Alberta's Premier believes women have lost ground in politics after the only female candidates in the race to lead the province's Progressive Conservatives dropped out, with one alleging harassment and vulgar smears.
"It's one of those things: Two steps forward, one step back," NDP Premier Rachel Notley told reporters Wednesday.
On Tuesday, Sandra Jansen and Donna Kennedy-Glans ended their respective campaigns to lead the PCs. It came on the same night that Hillary Clinton lost the U.S. presidential election in a race in which gender became a flashpoint.
Ms. Jansen alleged she was harassed at the PC convention this past weekend. Ms. Kennedy-Glans, a former MLA, insists she folded because the PC party was not open to her centrist positions.
Ms. Jansen alleges some of the convention-goers attacked her by writing insulting remarks on her nomination papers. Some people wrote explicit and derogatory phrases on the forms, wishing death upon her in some cases, according to one member of her team. Others confronted her on the sidelines of the convention in Red Deer, Alta.
"Volunteers from another campaign chased me up and down the hall, attacking me for protecting women's reproductive rights, and my team was jeered for supporting children's rights to a safe school environment," she said in a statement. The outspoken politician also noted ongoing attacks on social media.
Jason Kenney, a former federal Conservative cabinet minister who is among the men seeking the PC leadership, condemned the alleged attacks on Ms.
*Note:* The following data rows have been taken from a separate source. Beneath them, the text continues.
(* For every $r\in\mathbb N$ and every finite graph $G$, \[\mathrm{adm}_r(G)+1\le \mathrm{copw}_r(G)\le \mathrm{wcol}_{2r}(G)+1.\]
   Context: Graphs are finite, simple, undirected. For $r\in\mathbb N$ and $k\ge 1$, the Cops and Robber game of radius $r$ and width $k$ on $G$: let $S_0=\emptyset$ and let the robber choose $v_0\in V(G)$; in round $i\ge1$ the cops announce $S_i\subseteq V(G)$ with $|S_i|\le k$, and then the robber moves from $v_{i-1}$ to $v_i$ along a path of length at most $r$ (length $0$ allowed) containing no vertex of $S_{i-1}\cap S_i$. The cops win if $v_i\in S_i$ for some $i$. $\mathrm{copw}_r(G)$ is the least $k$ for which the cops have a winning strategy. The $r$-weak coloring number $\mathrm{wcol}_r(G)$ is the least $k$ such that there is a total order $<$ on $V(G)$ in which, for every vertex $v$, at most $k$ vertices $w<v$ are weakly $r$-reachable from $v$, i.e. there is a path of length at most $r$ from $v$ to $w$ on which $w$ is the $<$-smallest vertex. The $r$-admissibility $\mathrm{adm}_r(G)$ is the least $k$ such that there is a total order $<$ on $V(G)$ such that for every $v$ there are no more than $k$ paths of length at most $r$ starting at $v$, ending at some vertex $w<v$, and pairwise sharing only the vertex $v$. *)

theory Defs
  imports Main
begin

definition simple_graph :: "'a set \<Rightarrow> ('a \<Rightarrow> 'a \<Rightarrow> bool) \<Rightarrow> bool" where
  "simple_graph V E \<longleftrightarrow> finite V \<and>
     (\<forall>x y. E x y \<longrightarrow> x \<in> V \<and> y \<in> V \<and> x \<noteq> y) \<and>
     (\<forall>x y. E x y \<longrightarrow> E y x)"

definition gpath :: "'a set \<Rightarrow> ('a \<Rightarrow> 'a \<Rightarrow> bool) \<Rightarrow> 'a list \<Rightarrow> bool" where
  "gpath V E p \<longleftrightarrow> p \<noteq> [] \<and> distinct p \<and> set p \<subseteq> V \<and> successively E p"

definition plen :: "'a list \<Rightarrow> nat" where
  "plen p = length p - 1"

text \<open>Robber move from a to b with at most r edges, avoiding the set X (= S_{i-1} \<inter> S_i).\<close>
definition robber_move ::
  "'a set \<Rightarrow> ('a \<Rightarrow> 'a \<Rightarrow> bool) \<Rightarrow> nat \<Rightarrow> 'a set \<Rightarrow> 'a \<Rightarrow> 'a \<Rightarrow> bool" where
  "robber_move V E r X a b \<longleftrightarrow>
     (\<exists>p. gpath V E p \<and> hd p = a \<and> last p = b \<and> plen p \<le> r \<and> set p \<inter> X = {})"
(* Let $k$ be a field of characteristic $p>0$. Then the $k$-algebra $$\Lambda=kQ/\big(\beta^{6p+1},\ \alpha\gamma,\ \alpha(\beta+\beta^2)\gamma,\ \alpha\beta^{2p+1}\gamma\big)$$ (which equals $kQ/I(6p+1;6p+1,6p+1;V)$ with $V=(\beta^{6p+1})+k\cdot1+k(\beta+\beta^2)+k\beta^{2p+1}$) has ordinary quiver $Q$, containing the loop $\beta$, and satisfies $\mathrm{HH}^1(\Lambda)=0$.
   Context: $Q$ is the quiver with vertices $1,2,3$ and arrows $\alpha\colon 2\to1$, $\beta\colon 2\to 2$, $\gamma\colon 3\to 2$; $kQ$ is generated by pairwise orthogonal idempotents $e_1,e_2,e_3$ (sum $1$) and $\alpha,\beta,\gamma$ with $e_1\alpha=\alpha=\alpha e_2$, $e_2\beta=\beta=\beta e_2$, $e_3\gamma=\gamma=\gamma e_2$, $\gamma\alpha=\beta\alpha=\gamma\beta=0$; for $v=\sum_iv_i\beta^i\in k[\beta]$, $\alpha v\gamma=\sum_iv_i\alpha\beta^i\gamma$. $I(n;n,n;V)$ is the two-sided ideal generated by $\alpha\beta^n$, $\beta^n$, $\beta^n\gamma$ and all $\alpha v\gamma$, $v\in V$; the displayed ideal is the two-sided ideal generated by the listed elements. $\mathrm{HH}^1(\Lambda)=\mathrm{Der}_k(\Lambda,\Lambda)/\mathrm{Inn}(\Lambda)$. *)

theory Defs
  imports "HOL-Algebra.QuotRing"
begin

datatype vert = V1 | V2 | V3
datatype arr = Al | Be | Ga

fun src :: "arr \<Rightarrow> vert" where
  "src Al = V2" | "src Be = V2" | "src Ga = V3"
fun tgt :: "arr \<Rightarrow> vert" where
  "tgt Al = V1" | "tgt Be = V2" | "tgt Ga = V2"

text \<open>Paths are written as products in the algebra (right-to-left composition,
  as in e1 alpha = alpha = alpha e2): the word [x1,...,xn] stands for x1 x2 ... xn,
  which is nonzero iff src x_i = tgt x_(i+1).  Triv v is the idempotent e_v.\<close>

datatype qpath = Triv vert | Arrs "arr list"

fun composable :: "arr list \<Rightarrow> bool" where
  "composable [] = True"
| "composable [x] = True"
| "composable (x # y # zs) = (src x = tgt y \<and> composable (y # zs))"

fun valid_path :: "qpath \<Rightarrow> bool" where
  "valid_path (Triv v) = True"
| "valid_path (Arrs xs) = (xs \<noteq> [] \<and> composable xs)"

fun plen :: "qpath \<Rightarrow> nat" where
  "plen (Triv v) = 0" | "plen (Arrs xs) = length xs"

text \<open>Product of two paths (None means the product is zero).\<close>
fun pathmult :: "qpath \<Rightarrow> qpath \<Rightarrow> qpath option" where
  "pathmult (Triv v) (Triv w) = (if v = w then Some (Triv v) else None)"
| "pathmult (Triv v) (Arrs ys) =
     (if valid_path (Arrs ys) \<and> tgt (hd ys) = v then Some (Arrs ys) else None)"
| "pathmult (Arrs xs) (Triv w) =
     (if valid_path (Arrs xs) \<and> src (last xs) = w then Some (Arrs xs) else None)"
| "pathmult (Arrs xs) (Arrs ys) =
     (if valid_path (Arrs xs) \<and> valid_path (Arrs ys) \<and> src (last xs) = tgt (hd ys)
      then Some (Arrs (xs @ ys)) else None)"

definition kQ_carrier :: "(qpath \<Rightarrow> 'k::field) set" where
  "kQ_carrier = {a. finite {q. a q \<noteq> 0} \<and> (\<forall>q. a q \<noteq> 0 \<longrightarrow> valid_path q)}"

definition pa_mult :: "(qpath \<Rightarrow> 'k::field) \<Rightarrow> (qpath \<Rightarrow> 'k) \<Rightarrow> qpath \<Rightarrow> 'k" where
  "pa_mult a b = (\<lambda>w. \<Sum>(u, v) \<in> {(u, v). pathmult u v = Some w}. a u * b v)"

definition pbasis :: "qpath \<Rightarrow> qpath \<Rightarrow> 'k::field" where
  "pbasis q = (\<lambda>r. if r = q then 1 else 0)"

definition pa_add :: "(qpath \<Rightarrow> 'k::field) \<Rightarrow> (qpath \<Rightarrow> 'k) \<Rightarrow> qpath \<Rightarrow> 'k" where
  "pa_add a b = (\<lambda>q. a q + b q)"

definition pa_one :: "qpath \<Rightarrow> 'k::field" where
  "pa_one = pa_add (pa_add (pbasis (Triv V1)) (pbasis (Triv V2))) (pbasis (Triv V3))"

definition pa_smult :: "'k::field \<Rightarrow> (qpath \<Rightarrow> 'k) \<Rightarrow> qpath \<Rightarrow> 'k" where
  "pa_smult c a = (\<lambda>q. c * a q)"

definition kQ :: "(qpath \<Rightarrow> 'k::field) ring" where
  "kQ = \<lparr>carrier = kQ_carrier, mult = pa_mult, one = pa_one,
         zero = (\<lambda>_. 0), add = pa_add\<rparr>"

definition arrow_ideal_pow :: "nat \<Rightarrow> (qpath \<Rightarrow> 'k::field) set" where
  "arrow_ideal_pow m = {a \<in> kQ_carrier. \<forall>q. a q \<noteq> 0 \<longrightarrow> m \<le> plen q}"

text \<open>An admissible ideal: R^m \<subseteq> I \<subseteq> R^2 for some m \<ge> 2; for such I the ordinary
  (Gabriel) quiver of kQ/I is Q.\<close>
definition admissible :: "(qpath \<Rightarrow> 'k::field) set \<Rightarrow> bool" where
  "admissible I \<longleftrightarrow> ideal I kQ \<and> I \<subseteq> arrow_ideal_pow 2 \<and> (\<exists>m\<ge>2. arrow_ideal_pow m \<subseteq> I)"

definition betapow :: "nat \<Rightarrow> qpath \<Rightarrow> 'k::field" where
  "betapow n = pbasis (Arrs (replicate n Be))"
Jansen and more broadly against women.
"I condemn any disrespectful conduct or language directed at anybody in public service and in this context, within the PC leadership election," he said in an interview Wednesday. "I think such conduct can be particularly egregious when directed at women in politics."
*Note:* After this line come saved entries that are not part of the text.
lemma generic_points_distinct:
  assumes "generic d V p" "a \<in> V" "b \<in> V" "a \<noteq> b" "i < d"
  shows "p a i \<noteq> p b i"
proof
  assume eq: "p a i = p b i"
  \<comment> \<open>The nonzero polynomial X(a,i) - X(b,i) vanishes at p.\<close>
  define ma :: "'a \<times> nat \<Rightarrow> nat" where "ma = (\<lambda>j. if j = (a, i) then 1 else 0)"
  define mb :: "'a \<times> nat \<Rightarrow> nat" where "mb = (\<lambda>j. if j = (b, i) then 1 else 0)"
  have "ma \<noteq> mb" using assms(4) by (auto simp: ma_def mb_def fun_eq_iff)
  define c :: "('a \<times> nat \<Rightarrow> nat) \<Rightarrow> rat" where "c = (\<lambda>m. if m = ma then 1 else if m = mb then -1 else 0)"
  have c_supp: "{m. c m \<noteq> 0} = {ma, mb}" using \<open>ma \<noteq> mb\<close> by (auto simp: c_def)
  have ma_supp: "{j. ma j \<noteq> 0} = {(a, i)}" and mb_supp: "{j. mb j \<noteq> 0} = {(b, i)}"
    by (auto simp: ma_def mb_def)
  have "finite {m. c m \<noteq> 0} \<and>
      (\<forall>m. c m \<noteq> 0 \<longrightarrow> finite {j. m j \<noteq> 0} \<and> {j. m j \<noteq> 0} \<subseteq> V \<times> {..<d}) \<and> (\<exists>m. c m \<noteq> 0)"
  proof (intro conjI allI impI)
    show "finite {m. c m \<noteq> 0}" unfolding c_supp by simp
    show "\<exists>m. c m \<noteq> 0" using c_supp by auto
    fix m assume "c m \<noteq> 0"
    then have "m \<in> {ma, mb}" unfolding c_supp[symmetric] by simp
    then have "{j. m j \<noteq> 0} = {(a, i)} \<or> {j. m j \<noteq> 0} = {(b, i)}"
      using ma_supp mb_supp by blast
    then show "finite {j. m j \<noteq> 0}" "{j. m j \<noteq> 0} \<subseteq> V \<times> {..<d}"
      using assms(2,3,5) by (elim disjE; simp)+
  qed
  with spec[OF assms(1)[unfolded generic_def alg_indep_over_rat_def], of c]
  have "(\<Sum>m | c m \<noteq> 0. of_rat (c m) * (\<Prod>j | m j \<noteq> 0. (\<lambda>(w, i). p w i) j ^ m j)) \<noteq> 0"
    by (rule mp)
  moreover have "(\<Sum>m | c m \<noteq> 0. of_rat (c m) * (\<Prod>j | m j \<noteq> 0. (\<lambda>(w, i). p w i) j ^ m j))
      = p a i - p b i"
    unfolding c_supp using \<open>ma \<noteq> mb\<close> by (simp add: ma_supp mb_supp c_def ma_def mb_def)
  ultimately show False using eq by simp
qed

section \<open>Graphical parallel connections\<close>

lemma is_graph_edge_subset: "is_graph V D \<Longrightarrow> e \<in> D \<Longrightarrow> e \<subseteq> V"
  by (auto simp: is_graph_def)

lemma is_graph_edge_subset_pair:
  assumes "is_graph V D" "e \<in> D" "e \<subseteq> {u, v}"
  shows "e = {u, v}"
proof -
  obtain a b where "a \<noteq> b" "e = {a, b}" using assms(1,2) unfolding is_graph_def by blast
  with assms(3) show ?thesis by auto
qed

lemma is_graph_insert_edge:
  assumes "is_graph V D" "A \<subseteq> D" "finite W" "\<Union>A \<subseteq> W" "u \<in> W" "v \<in> W" "u \<noteq> v"
  shows "is_graph W (insert {u, v} A)"
proof -
  have "\<exists>a b. a \<noteq> b \<and> a \<in> W \<and> b \<in> W \<and> e = {a, b}" if e: "e \<in> A" for e
  proof -
    have "e \<in> D" using e assms(2) by blast
    then obtain a b where ab: "a \<noteq> b" "e = {a, b}" using assms(1) unfolding is_graph_def by blast
    moreover have "a \<in> W" "b \<in> W" using e ab(2) assms(4) by blast+
    ultimately show ?thesis by blast
  qed
  then show ?thesis using assms(3,5-7) by (auto simp: is_graph_def)
qed

lemma vertex_sets_meet:
  assumes "\<Union>A \<inter> Y = {}" "\<Union>B \<inter> X = {}" "X \<inter> Y = {}"
    and "\<And>e f. e \<in> A \<Longrightarrow> f \<in> B \<Longrightarrow> e \<inter> f \<subseteq> {u, v}"
  shows "({u, v} \<union> \<Union>A \<union> X) \<inter> ({u, v} \<union> \<Union>B \<union> Y) = {u, v}"
proof
  show "({u, v} \<union> \<Union>A \<union> X) \<inter> ({u, v} \<union> \<Union>B \<union> Y) \<subseteq> {u, v}"
  proof
    fix x assume x: "x \<in> ({u, v} \<union> \<Union>A \<union> X) \<inter> ({u, v} \<union> \<Union>B \<union> Y)"
    show "x \<in> {u, v}"
    proof (cases "x \<in> \<Union>A \<and> x \<in> \<Union>B")
      case True
      then obtain e f where "e \<in> A" "f \<in> B" "x \<in> e" "x \<in> f" by blast
      then show ?thesis using assms(4) by blast
    next
      case False
      then show ?thesis using x assms(1-3) by blast
    qed
  qed
qed auto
Mr. Kenney said he is not aware of any members of his campaign team misbehaving in such a way, though he said if his supporters acted inappropriately at the convention he hopes they apologize and conduct themselves with more civility.
Still, he suggested some level of incivility goes with the territory.
"During the course of this weekend, I had people who don't agree with me pushing their fingers in my chest or hollering expletives at me," he said.
"Unfortunately, some of that goes with when people get in a political context. Sometimes people don't control their emotions. I don't condone that for a second, but I'm saying I myself have faced disrespectful behaviour."
Mr. Kenney said he regrets Ms. Jansen's decision to drop out of the race, and applauded her public service. "We need a healthy range of views in the leadership election," he said.
Members of the PC executive team are investigating Ms. Jansen's allegations.
Ms. Notley drew a parallel between the loss of the only two women in the PC leadership race and Ms. Clinton's election loss.
"There was much hope that we would have seen a female president of the United States for the first time," said Ms. Notley, Alberta's second female premier
"That's a bit of a step back because we thought we were on the way there from the perspective of women moving forward in politics."